- [Problem to solve] List all the lines in these records that hold "linarith".

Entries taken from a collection
*** Begin section ***
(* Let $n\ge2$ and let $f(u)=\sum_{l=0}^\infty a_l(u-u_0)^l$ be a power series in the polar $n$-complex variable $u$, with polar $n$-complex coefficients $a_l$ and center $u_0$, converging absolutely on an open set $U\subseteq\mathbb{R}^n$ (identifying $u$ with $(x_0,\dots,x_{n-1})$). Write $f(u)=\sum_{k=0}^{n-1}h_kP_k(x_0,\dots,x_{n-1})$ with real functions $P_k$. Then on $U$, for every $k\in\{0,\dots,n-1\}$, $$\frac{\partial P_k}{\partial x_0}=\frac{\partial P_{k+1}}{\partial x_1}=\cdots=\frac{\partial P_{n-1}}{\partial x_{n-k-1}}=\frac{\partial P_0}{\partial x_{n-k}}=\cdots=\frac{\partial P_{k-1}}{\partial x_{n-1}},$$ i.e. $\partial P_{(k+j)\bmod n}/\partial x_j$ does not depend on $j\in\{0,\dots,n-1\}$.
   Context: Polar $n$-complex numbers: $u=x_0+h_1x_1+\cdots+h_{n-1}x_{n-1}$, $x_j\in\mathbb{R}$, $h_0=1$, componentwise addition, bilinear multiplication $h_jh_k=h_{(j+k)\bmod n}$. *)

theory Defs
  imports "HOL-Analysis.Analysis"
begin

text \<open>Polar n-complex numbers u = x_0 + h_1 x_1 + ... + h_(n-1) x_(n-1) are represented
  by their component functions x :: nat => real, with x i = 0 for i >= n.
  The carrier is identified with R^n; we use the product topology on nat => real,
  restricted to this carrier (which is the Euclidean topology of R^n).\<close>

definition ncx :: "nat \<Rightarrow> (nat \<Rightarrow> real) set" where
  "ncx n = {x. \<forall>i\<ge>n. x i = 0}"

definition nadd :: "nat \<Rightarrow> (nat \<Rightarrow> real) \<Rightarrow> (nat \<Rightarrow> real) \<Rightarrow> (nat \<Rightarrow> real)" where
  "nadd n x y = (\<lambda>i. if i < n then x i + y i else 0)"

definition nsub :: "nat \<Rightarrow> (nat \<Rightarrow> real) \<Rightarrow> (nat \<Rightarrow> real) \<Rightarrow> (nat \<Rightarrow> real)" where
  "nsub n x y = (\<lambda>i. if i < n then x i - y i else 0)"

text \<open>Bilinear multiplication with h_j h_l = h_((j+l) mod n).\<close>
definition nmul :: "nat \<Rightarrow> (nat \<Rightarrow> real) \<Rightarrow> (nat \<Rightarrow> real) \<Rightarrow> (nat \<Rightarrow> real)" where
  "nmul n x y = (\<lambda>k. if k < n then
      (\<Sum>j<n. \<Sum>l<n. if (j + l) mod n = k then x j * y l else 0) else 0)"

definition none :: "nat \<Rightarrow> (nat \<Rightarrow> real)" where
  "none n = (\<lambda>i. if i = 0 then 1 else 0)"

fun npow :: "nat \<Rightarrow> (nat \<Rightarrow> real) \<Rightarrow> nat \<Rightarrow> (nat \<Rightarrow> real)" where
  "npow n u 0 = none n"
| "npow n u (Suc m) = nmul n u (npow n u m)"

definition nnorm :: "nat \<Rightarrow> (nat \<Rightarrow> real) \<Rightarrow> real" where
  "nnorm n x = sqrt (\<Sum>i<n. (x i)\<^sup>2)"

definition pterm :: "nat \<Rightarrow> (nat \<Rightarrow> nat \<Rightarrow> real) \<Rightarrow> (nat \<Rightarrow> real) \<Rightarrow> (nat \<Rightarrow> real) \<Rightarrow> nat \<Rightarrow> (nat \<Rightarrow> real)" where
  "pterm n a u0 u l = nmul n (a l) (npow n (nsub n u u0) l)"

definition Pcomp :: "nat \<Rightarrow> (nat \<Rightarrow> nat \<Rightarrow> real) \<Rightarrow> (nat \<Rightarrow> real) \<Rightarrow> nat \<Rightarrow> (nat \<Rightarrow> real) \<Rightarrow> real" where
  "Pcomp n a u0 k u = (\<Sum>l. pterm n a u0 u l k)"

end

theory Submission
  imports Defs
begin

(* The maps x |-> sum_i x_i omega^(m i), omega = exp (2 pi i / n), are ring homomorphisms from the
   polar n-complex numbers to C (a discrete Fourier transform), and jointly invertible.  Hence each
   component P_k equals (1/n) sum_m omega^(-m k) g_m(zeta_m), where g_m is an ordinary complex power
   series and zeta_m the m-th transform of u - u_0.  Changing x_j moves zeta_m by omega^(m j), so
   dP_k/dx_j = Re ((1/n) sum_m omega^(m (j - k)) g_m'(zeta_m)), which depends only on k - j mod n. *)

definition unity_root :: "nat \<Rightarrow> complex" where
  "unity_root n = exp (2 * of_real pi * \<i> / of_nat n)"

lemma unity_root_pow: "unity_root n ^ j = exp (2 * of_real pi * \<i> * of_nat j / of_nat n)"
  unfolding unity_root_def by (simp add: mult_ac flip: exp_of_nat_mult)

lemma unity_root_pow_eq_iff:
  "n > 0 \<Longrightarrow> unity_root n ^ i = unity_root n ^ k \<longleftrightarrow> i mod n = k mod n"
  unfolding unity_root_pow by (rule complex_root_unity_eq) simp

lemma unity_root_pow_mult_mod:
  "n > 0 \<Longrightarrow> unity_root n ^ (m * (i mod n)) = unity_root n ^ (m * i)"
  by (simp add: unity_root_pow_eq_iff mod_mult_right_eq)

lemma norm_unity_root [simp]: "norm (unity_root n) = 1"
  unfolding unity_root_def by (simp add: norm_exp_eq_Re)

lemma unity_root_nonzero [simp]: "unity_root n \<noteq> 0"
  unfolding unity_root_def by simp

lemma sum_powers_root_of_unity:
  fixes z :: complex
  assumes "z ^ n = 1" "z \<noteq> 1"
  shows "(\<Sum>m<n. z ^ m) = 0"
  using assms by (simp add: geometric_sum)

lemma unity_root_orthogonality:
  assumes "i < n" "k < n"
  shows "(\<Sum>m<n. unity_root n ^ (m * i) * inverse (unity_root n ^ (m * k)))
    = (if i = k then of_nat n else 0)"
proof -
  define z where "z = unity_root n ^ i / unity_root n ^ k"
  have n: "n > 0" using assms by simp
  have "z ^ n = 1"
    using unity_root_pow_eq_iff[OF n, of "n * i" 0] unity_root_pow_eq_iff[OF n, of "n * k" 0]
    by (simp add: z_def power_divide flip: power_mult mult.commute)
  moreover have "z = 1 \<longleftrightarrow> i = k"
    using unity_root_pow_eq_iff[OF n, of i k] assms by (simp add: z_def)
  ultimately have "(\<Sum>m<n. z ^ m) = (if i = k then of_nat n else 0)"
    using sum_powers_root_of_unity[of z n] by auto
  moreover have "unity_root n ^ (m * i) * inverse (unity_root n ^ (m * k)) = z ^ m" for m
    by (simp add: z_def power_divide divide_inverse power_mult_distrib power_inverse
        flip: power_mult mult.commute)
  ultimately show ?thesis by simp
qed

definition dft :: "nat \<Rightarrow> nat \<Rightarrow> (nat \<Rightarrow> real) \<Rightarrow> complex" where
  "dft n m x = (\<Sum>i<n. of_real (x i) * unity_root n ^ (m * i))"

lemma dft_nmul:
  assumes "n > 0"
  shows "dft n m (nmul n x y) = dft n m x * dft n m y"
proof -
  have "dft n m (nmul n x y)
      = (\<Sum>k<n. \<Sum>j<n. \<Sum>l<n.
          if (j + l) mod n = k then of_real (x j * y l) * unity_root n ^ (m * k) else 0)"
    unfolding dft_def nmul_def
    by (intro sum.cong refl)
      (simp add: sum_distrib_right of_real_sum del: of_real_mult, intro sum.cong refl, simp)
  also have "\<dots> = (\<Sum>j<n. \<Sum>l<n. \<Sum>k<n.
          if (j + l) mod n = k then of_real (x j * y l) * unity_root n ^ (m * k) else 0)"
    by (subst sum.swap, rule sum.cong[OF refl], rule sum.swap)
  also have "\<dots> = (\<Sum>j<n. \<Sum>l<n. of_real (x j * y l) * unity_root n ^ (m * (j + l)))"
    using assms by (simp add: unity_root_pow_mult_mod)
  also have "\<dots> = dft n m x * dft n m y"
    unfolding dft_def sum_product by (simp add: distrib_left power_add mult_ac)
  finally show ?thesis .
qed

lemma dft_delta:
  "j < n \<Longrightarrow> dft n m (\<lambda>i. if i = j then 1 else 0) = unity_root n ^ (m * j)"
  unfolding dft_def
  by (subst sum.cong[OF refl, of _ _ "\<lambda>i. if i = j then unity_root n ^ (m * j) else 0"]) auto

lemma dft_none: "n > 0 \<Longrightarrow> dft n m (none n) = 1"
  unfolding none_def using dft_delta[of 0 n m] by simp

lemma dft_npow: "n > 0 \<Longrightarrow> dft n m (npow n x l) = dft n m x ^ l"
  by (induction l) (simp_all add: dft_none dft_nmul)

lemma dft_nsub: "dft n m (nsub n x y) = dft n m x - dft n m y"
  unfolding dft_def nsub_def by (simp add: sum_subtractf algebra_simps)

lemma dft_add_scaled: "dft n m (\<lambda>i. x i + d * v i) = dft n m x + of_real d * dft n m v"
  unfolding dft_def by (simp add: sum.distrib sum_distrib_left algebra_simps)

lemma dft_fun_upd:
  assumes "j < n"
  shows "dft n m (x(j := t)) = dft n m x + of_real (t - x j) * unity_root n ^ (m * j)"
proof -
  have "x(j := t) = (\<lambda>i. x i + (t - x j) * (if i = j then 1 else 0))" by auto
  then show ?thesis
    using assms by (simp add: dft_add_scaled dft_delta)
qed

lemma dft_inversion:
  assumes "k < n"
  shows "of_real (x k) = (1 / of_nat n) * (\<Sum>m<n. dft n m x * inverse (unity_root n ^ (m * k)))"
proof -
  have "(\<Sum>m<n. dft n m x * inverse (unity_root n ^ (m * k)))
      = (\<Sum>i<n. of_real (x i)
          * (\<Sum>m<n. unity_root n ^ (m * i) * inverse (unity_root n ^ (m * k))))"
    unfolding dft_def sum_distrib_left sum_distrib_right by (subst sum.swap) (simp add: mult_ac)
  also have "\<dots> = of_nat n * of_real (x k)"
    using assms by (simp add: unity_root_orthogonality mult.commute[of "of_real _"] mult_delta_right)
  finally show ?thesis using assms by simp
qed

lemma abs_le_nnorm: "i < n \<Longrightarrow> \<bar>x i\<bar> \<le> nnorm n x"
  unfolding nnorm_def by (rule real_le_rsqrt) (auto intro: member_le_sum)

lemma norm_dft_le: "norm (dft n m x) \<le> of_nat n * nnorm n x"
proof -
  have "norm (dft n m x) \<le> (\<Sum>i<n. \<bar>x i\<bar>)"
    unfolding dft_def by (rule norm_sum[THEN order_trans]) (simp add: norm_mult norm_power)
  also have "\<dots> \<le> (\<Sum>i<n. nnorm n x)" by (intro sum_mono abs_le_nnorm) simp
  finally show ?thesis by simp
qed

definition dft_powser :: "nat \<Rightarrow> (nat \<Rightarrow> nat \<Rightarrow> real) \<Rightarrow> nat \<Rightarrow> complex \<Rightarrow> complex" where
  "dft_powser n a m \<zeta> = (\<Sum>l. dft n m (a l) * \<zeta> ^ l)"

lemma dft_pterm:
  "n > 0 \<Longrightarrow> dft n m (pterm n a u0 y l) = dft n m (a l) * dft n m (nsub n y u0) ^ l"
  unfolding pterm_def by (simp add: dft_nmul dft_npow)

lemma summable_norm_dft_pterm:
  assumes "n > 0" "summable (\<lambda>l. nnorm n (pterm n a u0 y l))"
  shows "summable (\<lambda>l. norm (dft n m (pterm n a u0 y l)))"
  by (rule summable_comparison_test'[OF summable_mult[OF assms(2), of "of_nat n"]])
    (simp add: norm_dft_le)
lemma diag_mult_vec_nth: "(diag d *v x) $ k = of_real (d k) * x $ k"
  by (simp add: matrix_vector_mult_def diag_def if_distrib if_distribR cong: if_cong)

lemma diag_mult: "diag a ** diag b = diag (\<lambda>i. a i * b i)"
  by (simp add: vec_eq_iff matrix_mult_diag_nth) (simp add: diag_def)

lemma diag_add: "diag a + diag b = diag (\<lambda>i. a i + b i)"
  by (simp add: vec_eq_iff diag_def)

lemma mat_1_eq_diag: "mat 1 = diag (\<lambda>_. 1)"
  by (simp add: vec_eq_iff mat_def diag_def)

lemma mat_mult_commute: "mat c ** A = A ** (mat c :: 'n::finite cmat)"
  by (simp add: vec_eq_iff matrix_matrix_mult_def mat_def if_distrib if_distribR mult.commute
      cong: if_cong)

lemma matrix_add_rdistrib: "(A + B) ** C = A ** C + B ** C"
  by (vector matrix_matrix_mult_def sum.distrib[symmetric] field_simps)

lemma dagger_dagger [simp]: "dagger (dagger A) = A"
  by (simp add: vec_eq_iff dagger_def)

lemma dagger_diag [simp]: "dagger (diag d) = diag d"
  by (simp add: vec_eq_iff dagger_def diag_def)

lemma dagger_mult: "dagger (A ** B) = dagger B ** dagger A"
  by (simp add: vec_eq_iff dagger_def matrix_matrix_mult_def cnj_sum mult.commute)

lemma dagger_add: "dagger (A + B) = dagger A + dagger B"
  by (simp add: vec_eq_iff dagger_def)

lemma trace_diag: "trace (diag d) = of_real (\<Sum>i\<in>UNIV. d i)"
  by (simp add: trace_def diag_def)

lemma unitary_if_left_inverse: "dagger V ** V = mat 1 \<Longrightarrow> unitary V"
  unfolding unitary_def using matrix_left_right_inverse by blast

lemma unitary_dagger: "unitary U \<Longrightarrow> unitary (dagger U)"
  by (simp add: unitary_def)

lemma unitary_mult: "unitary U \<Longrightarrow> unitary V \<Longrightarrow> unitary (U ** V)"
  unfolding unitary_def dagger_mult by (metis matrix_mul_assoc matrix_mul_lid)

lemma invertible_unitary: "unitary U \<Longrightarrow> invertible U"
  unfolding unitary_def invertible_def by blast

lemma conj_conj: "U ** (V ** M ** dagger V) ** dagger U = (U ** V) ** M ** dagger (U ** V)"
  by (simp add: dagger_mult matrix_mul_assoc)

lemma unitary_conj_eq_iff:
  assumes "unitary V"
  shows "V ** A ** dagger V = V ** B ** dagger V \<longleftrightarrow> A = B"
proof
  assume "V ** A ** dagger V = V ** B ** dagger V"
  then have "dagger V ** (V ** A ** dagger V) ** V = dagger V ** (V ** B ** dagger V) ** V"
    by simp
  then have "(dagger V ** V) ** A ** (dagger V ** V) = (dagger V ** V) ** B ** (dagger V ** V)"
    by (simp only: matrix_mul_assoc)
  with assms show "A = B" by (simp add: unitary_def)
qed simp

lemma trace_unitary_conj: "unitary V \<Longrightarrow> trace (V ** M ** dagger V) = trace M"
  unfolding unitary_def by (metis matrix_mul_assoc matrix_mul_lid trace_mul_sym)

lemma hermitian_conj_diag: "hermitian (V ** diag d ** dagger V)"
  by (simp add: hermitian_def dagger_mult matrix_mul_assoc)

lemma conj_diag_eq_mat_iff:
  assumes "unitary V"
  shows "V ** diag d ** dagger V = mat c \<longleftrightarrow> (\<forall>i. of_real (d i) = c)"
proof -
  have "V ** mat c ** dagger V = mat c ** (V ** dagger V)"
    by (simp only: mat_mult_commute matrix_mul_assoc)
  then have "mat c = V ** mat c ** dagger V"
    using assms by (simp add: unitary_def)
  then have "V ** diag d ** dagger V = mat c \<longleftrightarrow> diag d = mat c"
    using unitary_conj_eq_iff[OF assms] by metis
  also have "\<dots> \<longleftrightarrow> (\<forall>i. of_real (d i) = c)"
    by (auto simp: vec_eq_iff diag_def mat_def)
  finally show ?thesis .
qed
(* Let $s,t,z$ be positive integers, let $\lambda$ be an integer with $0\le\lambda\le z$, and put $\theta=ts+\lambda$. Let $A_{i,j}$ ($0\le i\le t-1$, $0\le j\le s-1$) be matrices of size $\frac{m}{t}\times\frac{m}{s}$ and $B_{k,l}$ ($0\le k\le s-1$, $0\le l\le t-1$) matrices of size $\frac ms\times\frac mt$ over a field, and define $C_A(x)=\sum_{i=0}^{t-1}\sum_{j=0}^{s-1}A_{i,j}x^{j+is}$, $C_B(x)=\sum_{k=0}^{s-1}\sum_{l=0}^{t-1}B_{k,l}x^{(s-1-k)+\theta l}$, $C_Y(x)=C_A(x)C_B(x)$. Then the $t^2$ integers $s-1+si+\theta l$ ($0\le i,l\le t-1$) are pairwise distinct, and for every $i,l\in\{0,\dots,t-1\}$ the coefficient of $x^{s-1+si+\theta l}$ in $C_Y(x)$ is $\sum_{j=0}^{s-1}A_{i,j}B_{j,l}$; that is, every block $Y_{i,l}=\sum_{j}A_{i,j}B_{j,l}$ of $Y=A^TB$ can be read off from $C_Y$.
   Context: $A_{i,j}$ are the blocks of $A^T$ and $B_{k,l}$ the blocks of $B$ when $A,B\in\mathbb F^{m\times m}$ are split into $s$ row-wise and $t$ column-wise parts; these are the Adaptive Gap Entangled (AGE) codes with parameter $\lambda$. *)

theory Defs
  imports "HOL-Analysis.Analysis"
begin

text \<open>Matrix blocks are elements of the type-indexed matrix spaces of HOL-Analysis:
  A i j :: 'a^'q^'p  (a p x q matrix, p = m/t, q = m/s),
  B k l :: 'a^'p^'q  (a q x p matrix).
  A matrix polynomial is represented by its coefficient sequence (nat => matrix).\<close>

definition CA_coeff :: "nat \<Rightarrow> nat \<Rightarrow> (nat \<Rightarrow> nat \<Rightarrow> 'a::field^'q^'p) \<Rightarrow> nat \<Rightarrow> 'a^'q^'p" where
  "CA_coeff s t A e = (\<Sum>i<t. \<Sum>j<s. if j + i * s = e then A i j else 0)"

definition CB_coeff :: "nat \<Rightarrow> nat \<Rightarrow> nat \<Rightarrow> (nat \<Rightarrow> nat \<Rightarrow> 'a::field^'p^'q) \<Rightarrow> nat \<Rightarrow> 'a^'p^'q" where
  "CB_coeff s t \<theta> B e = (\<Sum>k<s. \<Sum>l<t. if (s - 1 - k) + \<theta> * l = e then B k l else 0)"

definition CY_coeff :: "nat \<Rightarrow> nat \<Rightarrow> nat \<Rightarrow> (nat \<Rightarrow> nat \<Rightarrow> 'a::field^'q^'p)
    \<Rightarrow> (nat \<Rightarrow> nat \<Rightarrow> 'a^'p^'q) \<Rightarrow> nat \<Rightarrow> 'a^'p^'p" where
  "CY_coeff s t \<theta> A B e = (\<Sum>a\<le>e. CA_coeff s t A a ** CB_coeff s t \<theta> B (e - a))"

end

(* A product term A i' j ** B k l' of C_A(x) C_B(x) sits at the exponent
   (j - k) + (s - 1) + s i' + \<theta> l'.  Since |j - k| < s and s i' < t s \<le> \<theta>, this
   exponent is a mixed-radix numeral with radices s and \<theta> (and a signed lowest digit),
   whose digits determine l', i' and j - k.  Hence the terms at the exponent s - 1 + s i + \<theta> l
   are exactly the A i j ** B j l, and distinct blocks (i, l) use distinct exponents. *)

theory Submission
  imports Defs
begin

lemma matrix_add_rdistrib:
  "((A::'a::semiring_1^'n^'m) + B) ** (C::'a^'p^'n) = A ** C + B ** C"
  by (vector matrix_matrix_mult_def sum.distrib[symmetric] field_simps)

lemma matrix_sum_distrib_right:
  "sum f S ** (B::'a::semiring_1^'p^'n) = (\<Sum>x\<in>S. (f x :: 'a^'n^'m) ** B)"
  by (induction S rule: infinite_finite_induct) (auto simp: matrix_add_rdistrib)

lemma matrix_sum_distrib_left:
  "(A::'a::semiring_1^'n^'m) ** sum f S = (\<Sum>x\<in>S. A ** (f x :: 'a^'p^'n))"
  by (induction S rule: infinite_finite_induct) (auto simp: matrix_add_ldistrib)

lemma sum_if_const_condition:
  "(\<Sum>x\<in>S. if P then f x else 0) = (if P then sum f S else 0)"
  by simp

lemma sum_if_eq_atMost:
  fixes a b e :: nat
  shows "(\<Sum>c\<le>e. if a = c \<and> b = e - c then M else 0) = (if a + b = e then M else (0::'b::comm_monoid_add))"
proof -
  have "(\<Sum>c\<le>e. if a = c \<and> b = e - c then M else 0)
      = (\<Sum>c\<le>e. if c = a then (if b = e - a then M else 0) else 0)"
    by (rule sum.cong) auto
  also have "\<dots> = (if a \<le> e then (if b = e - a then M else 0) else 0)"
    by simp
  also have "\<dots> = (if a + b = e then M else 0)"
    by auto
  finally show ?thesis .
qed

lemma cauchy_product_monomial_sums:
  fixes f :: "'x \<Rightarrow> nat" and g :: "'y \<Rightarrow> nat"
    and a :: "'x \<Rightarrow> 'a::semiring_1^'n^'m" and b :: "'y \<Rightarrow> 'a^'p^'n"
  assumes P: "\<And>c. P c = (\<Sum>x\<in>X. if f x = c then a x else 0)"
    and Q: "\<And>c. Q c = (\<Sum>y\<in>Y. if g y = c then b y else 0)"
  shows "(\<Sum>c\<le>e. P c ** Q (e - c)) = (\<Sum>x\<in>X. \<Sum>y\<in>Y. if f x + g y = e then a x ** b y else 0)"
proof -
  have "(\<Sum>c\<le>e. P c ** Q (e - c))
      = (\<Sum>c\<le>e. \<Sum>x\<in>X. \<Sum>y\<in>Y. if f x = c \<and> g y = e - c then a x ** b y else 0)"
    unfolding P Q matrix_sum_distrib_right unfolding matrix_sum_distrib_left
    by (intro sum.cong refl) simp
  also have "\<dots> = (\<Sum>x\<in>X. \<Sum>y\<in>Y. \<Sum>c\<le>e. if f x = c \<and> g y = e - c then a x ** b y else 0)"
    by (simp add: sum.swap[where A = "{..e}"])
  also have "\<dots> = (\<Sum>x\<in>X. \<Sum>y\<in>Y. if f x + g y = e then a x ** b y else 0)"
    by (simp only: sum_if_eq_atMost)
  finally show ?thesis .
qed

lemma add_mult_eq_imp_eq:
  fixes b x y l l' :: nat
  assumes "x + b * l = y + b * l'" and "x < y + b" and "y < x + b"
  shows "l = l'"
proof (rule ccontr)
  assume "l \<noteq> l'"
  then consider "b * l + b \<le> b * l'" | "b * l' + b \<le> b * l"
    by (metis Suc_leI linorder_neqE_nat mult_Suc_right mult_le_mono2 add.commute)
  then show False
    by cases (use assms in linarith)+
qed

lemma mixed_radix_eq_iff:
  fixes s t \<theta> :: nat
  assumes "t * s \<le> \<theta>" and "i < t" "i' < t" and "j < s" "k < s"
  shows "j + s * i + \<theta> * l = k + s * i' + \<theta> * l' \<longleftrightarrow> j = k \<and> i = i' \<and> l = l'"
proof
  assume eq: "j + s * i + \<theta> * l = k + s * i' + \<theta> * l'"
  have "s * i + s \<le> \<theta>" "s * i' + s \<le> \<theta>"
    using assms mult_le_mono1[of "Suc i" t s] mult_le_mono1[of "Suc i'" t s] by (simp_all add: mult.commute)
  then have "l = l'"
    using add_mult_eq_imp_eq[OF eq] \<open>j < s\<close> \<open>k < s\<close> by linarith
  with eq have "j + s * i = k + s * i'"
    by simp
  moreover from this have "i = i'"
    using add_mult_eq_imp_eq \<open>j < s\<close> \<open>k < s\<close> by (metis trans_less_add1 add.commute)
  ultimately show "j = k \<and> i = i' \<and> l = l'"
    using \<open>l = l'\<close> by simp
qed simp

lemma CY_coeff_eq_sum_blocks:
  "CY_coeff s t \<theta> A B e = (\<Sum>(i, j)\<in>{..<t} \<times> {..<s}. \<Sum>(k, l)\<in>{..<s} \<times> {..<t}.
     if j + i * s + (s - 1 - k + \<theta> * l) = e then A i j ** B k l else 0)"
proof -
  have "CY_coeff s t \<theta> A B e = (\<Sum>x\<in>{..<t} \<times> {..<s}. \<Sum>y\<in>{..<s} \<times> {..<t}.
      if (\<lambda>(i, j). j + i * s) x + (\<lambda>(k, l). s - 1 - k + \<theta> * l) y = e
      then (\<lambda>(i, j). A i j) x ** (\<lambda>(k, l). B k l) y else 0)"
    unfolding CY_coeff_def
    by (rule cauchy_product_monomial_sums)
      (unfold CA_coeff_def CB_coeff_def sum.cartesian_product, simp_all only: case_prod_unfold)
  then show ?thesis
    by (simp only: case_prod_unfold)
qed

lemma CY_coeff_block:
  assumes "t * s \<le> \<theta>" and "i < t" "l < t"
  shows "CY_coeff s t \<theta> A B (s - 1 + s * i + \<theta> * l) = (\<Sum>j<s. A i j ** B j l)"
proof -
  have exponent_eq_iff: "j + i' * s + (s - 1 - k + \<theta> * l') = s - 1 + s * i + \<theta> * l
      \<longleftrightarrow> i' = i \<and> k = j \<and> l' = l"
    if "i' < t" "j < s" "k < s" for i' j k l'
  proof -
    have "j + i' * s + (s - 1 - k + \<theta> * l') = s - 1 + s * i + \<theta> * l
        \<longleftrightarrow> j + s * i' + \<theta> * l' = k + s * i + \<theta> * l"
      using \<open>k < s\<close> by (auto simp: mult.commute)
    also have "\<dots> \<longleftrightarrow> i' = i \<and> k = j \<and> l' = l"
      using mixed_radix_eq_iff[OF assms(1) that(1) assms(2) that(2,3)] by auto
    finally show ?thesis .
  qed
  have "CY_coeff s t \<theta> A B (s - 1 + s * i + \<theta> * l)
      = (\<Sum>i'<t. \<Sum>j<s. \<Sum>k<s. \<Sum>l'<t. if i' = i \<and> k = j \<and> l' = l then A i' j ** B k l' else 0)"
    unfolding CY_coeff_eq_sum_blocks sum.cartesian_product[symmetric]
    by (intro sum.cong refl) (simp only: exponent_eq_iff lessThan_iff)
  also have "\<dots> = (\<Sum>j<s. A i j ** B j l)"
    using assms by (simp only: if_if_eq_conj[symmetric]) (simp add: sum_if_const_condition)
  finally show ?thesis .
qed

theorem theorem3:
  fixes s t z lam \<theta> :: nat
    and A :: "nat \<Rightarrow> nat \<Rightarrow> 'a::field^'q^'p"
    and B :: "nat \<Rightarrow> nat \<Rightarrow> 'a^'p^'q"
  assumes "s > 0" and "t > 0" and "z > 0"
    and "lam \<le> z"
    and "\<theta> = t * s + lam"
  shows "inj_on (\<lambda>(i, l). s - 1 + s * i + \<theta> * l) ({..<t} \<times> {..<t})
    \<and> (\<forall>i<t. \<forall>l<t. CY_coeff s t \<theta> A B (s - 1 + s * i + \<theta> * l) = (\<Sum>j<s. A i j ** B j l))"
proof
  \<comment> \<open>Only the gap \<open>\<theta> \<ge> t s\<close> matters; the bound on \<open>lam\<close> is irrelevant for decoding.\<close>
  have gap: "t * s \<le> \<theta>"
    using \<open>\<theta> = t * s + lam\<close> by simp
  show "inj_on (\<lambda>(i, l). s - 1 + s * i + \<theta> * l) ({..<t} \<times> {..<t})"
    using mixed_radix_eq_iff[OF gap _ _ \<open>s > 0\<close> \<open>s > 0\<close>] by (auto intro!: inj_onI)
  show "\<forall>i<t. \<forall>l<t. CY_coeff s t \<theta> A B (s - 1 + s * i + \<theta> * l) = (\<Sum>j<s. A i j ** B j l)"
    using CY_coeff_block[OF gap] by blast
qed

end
*** End section ***
- [Your solution]
    by cases (use assms in linarith)+
    using add_mult_eq_imp_eq[OF eq] \<open>j < s\<close> \<open>k < s\<close> by linarith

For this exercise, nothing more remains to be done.